(* Let $\mathcal{D}$ be a distribution over $\mathcal{X}\times\{0,1\}$, let $h:\mathcal{X}\to[0,1]$ be a hypothesis, and let $f_1,f_2:[0,1]\to\mathbb{R}$ be such that the loss is $\ell(h(x),y)=f_1(h(x))+y\,f_2(h(x))$, with $\mathbb{E}_x[f_1(h(x))]$ and $\mathbb{E}_x[f_2(h(x))]$ finite. Let $(x_1,y_1),\ldots,(x_k,y_k)$ be drawn i.i.d. from $\mathcal{D}$, let $\alpha=\frac1k\sum_{i=1}^k y_i$, and let $z=((x_1,\ldots,x_k),\alpha)$ be the corresponding bag. Let $p=\mathbb{E}[y]$ and define the bag-level loss $$\ell_b(h,z)=\mathbb{E}_x\big[f_1(h(x))+p\,f_2(h(x))\big]+(\alpha-p)\Big(\sum_{i=1}^k f_2(h(x_i))-k\,\mathbb{E}_x[f_2(h(x))]\Big).$$ Then $$\mathbb{E}_z[\ell_b(h,z)]=\mathbb{E}_{(x,y)\sim\mathcal{D}}[\ell(h(x),y)],\qquad \mathrm{Var}_z(\ell_b(h,z))\le \frac52\,\mathbb{E}_x\big[(f_2(h(x)))^2\big].$$
   Context: Here $x$ denotes a random feature vector distributed as the $\mathcal{X}$-marginal of $\mathcal{D}$, and $(x,y)\sim\mathcal{D}$. Every loss depending on a binary label can be written in the form $f_1(h(x))+y f_2(h(x))$ with $f_1(a)=\ell(a,0)$, $f_2(a)=\ell(a,1)-\ell(a,0)$. *)

theory Defs
  imports "HOL-Probability.Probability"
begin

text \<open>Label y is encoded as a bool; its numeric value is of_bool y (0 or 1).
  A sample of k i.i.d. draws is a function s :: nat => ('a * bool) on {..<k},
  distributed according to PiM {..<k} (%_. D).\<close>

definition label_mean :: "('a \<times> bool) measure \<Rightarrow> real" where
  "label_mean D = (\<integral>w. of_bool (snd w) \<partial>D)"

definition bag_label :: "nat \<Rightarrow> (nat \<Rightarrow> 'a \<times> bool) \<Rightarrow> real" where
  "bag_label k s = (\<Sum>i<k. of_bool (snd (s i))) / real k"

definition bag_loss ::
  "('a \<times> bool) measure \<Rightarrow> (real \<Rightarrow> real) \<Rightarrow> (real \<Rightarrow> real) \<Rightarrow> ('a \<Rightarrow> real)
    \<Rightarrow> nat \<Rightarrow> (nat \<Rightarrow> 'a \<times> bool) \<Rightarrow> real" where
  "bag_loss D f1 f2 h k s =
     (let p = label_mean D in
      (\<integral>w. f1 (h (fst w)) + p * f2 (h (fst w)) \<partial>D)
      + (bag_label k s - p) *
        ((\<Sum>i<k. f2 (h (fst (s i)))) - real k * (\<integral>w. f2 (h (fst w)) \<partial>D)))"

end

theory Submission
  imports Defs
begin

* WHAT YOU WILL DO
An exact copy of the lines from the one containing "D f1 f2 h k" through the end of the entries is required, and nothing beyond them.

* TASK OUTPUT
  "bag_loss D f1 f2 h k s =
     (let p = label_mean D in
      (\<integral>w. f1 (h (fst w)) + p * f2 (h (fst w)) \<partial>D)
      + (bag_label k s - p) *
        ((\<Sum>i<k. f2 (h (fst (s i)))) - real k * (\<integral>w. f2 (h (fst w)) \<partial>D)))"

end

theory Submission
  imports Defs
begin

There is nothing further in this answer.